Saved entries
________________

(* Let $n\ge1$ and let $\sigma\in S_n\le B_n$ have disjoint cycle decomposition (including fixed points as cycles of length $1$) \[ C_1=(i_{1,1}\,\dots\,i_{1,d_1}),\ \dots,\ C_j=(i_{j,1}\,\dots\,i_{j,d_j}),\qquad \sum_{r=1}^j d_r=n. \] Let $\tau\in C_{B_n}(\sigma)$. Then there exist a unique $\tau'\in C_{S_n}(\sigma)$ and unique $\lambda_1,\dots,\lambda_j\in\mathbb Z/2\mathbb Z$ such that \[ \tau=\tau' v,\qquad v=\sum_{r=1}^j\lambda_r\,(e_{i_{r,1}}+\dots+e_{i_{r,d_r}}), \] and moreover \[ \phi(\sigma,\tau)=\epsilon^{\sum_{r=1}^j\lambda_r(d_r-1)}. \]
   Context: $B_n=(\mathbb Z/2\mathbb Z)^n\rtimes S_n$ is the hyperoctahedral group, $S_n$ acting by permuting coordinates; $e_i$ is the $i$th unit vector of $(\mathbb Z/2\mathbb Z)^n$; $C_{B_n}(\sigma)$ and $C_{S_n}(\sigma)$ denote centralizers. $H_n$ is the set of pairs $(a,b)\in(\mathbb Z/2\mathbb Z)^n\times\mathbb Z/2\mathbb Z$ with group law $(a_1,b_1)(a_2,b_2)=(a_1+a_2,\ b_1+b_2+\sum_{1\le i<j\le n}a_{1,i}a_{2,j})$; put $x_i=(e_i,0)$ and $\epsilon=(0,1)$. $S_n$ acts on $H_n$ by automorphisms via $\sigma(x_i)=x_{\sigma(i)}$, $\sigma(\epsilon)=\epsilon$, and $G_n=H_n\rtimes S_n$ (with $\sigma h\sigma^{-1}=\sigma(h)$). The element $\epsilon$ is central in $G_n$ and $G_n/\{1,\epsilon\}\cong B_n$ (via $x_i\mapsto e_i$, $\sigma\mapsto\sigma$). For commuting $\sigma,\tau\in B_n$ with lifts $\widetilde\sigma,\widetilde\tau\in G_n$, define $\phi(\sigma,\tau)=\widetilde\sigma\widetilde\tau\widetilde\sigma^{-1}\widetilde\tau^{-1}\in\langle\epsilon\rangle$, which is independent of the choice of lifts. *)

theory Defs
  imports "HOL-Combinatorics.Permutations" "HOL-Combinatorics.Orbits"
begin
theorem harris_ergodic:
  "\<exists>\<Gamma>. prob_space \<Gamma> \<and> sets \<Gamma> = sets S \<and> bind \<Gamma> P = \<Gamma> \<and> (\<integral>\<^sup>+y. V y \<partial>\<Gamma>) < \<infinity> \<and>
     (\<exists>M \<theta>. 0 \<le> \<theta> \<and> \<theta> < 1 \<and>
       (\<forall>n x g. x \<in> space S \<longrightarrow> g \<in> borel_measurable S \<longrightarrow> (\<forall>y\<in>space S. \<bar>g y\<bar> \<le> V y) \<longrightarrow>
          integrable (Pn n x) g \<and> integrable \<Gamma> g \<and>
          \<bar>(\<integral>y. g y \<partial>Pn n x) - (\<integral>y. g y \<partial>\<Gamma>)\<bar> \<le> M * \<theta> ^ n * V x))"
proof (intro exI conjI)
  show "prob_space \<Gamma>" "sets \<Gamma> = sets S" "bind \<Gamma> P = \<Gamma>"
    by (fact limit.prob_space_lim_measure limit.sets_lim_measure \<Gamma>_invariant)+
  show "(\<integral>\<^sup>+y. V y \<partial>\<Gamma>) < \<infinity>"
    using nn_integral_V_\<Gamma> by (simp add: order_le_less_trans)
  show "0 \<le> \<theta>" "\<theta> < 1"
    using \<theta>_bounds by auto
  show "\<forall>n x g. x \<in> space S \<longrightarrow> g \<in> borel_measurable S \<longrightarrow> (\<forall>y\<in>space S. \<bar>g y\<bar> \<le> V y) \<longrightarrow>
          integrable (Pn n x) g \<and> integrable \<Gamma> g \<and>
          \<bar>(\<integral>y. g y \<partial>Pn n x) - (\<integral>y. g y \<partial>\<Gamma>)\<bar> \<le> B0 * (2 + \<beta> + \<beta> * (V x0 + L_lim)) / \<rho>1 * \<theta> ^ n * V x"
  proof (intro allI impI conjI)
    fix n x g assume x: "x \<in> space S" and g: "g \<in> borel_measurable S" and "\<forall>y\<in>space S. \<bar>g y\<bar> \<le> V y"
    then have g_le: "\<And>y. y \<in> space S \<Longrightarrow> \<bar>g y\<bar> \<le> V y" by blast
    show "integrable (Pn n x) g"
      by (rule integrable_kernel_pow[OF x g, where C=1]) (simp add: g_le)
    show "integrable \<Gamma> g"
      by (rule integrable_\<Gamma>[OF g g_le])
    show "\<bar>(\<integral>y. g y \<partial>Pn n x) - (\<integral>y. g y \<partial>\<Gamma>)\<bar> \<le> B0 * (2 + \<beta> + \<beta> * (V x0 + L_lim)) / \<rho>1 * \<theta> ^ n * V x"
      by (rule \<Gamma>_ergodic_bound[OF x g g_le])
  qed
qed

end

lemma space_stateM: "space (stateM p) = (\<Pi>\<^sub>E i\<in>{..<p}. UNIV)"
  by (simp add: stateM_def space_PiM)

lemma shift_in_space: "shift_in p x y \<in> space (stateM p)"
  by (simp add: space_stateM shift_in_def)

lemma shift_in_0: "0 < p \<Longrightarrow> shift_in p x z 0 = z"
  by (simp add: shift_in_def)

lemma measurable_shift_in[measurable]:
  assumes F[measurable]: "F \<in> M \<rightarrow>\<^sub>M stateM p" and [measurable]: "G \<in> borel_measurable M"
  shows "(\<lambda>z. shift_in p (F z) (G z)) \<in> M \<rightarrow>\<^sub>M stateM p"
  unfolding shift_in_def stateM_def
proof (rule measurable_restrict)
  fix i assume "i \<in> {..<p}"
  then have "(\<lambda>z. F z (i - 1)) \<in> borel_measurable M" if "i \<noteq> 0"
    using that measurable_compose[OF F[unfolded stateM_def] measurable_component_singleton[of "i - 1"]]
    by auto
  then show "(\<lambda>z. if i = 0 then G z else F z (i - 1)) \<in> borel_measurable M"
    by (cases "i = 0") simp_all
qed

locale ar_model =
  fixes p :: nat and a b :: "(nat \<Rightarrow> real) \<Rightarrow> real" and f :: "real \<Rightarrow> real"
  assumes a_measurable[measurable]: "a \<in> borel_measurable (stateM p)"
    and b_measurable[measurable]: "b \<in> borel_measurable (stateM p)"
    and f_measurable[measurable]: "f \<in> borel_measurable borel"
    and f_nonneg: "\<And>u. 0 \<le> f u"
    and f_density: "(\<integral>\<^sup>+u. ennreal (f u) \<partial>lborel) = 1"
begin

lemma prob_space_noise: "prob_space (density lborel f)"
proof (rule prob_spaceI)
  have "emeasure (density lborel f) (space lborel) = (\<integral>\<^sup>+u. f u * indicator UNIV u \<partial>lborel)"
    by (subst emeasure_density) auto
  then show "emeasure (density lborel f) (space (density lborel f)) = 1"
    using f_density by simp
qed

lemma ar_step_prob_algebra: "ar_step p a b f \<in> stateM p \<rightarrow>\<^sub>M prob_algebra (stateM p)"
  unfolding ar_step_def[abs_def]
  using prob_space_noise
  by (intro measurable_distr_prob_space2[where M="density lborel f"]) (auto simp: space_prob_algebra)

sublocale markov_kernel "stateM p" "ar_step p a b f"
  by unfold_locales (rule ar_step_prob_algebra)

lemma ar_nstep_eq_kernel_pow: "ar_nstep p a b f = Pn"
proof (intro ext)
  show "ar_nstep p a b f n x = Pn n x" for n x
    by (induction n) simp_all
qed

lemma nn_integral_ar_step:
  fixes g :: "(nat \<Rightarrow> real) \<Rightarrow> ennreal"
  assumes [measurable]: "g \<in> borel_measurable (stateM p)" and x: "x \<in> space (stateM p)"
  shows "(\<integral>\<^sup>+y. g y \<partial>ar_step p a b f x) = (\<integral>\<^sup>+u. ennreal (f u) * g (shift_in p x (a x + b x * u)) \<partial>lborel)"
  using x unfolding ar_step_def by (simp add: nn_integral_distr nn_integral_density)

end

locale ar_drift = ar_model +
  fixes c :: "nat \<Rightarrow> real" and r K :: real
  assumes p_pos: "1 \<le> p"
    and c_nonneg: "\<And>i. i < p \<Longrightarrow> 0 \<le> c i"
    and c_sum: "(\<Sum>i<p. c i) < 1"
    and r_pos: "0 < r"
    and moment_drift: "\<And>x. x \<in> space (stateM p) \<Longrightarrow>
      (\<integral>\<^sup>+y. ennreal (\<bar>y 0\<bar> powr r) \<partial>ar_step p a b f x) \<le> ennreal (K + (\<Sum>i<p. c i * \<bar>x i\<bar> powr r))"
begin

________________

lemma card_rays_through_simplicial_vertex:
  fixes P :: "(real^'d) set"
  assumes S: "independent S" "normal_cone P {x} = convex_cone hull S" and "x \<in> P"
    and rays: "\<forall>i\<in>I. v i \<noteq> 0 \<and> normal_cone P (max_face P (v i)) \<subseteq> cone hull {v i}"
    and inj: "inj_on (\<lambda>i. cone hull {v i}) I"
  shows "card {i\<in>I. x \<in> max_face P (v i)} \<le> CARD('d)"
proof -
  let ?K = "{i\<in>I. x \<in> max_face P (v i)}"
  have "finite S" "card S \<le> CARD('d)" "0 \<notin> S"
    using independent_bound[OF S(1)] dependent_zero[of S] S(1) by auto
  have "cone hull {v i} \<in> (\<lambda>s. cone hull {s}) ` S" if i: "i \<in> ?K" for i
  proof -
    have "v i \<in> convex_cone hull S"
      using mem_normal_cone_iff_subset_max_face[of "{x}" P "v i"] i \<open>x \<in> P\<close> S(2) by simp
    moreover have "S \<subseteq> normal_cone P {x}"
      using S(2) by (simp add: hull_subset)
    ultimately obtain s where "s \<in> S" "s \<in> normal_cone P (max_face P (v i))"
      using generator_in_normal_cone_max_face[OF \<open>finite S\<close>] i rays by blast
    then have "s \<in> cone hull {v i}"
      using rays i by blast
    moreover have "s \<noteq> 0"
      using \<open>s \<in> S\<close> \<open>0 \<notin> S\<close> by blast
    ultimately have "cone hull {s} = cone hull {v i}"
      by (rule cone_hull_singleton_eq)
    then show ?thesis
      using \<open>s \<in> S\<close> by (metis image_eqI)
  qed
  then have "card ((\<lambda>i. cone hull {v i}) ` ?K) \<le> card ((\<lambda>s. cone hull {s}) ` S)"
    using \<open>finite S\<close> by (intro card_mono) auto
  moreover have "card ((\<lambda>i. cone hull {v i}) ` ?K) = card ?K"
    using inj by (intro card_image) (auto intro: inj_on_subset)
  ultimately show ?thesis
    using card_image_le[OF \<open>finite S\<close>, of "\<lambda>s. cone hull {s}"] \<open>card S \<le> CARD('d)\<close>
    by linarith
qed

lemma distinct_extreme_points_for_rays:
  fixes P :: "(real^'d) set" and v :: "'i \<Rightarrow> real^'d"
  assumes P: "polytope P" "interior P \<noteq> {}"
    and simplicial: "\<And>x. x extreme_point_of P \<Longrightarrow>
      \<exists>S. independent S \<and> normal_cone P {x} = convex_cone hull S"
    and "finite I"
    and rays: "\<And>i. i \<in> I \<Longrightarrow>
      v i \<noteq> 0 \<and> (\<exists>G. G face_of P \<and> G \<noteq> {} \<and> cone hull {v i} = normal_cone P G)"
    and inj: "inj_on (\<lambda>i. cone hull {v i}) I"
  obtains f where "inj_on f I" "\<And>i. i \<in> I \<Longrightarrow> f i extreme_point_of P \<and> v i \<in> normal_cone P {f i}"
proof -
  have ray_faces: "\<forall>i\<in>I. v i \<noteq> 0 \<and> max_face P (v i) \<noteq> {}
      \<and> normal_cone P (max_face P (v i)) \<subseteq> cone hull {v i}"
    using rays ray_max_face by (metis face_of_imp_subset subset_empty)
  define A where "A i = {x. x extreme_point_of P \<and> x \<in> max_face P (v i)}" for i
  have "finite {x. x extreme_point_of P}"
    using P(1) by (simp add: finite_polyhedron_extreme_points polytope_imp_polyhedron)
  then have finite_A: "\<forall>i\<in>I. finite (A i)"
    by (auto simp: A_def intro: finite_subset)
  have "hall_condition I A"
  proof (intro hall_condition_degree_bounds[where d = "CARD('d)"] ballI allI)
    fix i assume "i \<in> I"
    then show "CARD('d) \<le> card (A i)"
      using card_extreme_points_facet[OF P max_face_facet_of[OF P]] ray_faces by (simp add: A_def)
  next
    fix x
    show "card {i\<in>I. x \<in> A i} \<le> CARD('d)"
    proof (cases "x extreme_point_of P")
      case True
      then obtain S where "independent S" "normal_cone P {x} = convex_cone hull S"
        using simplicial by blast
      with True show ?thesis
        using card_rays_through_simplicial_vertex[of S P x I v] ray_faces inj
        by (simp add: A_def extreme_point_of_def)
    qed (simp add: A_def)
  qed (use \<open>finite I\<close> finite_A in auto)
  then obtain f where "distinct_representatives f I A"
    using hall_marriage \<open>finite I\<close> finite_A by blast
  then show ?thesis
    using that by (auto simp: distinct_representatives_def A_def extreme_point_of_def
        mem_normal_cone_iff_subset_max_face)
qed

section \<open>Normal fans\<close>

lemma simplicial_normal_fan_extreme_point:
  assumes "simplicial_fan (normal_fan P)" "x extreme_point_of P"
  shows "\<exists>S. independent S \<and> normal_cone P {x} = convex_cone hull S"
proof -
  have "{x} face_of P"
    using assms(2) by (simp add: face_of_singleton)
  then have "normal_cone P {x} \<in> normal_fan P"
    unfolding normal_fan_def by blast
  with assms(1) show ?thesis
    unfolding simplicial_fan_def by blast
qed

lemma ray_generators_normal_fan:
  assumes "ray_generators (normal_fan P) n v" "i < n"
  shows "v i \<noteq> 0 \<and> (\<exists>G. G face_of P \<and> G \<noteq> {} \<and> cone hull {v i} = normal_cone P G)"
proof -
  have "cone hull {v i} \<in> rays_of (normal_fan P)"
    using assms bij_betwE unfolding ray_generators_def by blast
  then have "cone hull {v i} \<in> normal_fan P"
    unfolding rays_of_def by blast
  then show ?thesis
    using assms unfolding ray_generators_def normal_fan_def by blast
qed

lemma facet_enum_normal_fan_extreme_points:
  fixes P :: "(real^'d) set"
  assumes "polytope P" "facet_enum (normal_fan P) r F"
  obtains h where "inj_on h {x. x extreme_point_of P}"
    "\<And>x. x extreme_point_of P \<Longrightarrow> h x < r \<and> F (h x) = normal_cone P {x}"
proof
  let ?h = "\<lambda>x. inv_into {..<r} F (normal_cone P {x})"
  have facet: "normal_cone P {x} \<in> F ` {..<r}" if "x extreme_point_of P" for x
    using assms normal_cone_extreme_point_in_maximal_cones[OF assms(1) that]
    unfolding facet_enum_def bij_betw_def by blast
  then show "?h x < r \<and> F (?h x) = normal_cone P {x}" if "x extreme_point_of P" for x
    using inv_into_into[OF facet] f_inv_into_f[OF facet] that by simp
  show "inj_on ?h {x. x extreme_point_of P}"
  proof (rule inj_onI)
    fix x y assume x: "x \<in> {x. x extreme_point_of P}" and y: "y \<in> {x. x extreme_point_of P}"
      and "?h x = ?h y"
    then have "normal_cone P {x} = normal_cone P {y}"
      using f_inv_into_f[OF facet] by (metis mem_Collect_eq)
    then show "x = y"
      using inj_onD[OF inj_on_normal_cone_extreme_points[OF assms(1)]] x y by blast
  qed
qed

________________

▶ [What this task involves] Note how many lines of the entries contain the string "beta", then give that number by itself.

▶ [Exercise result] 2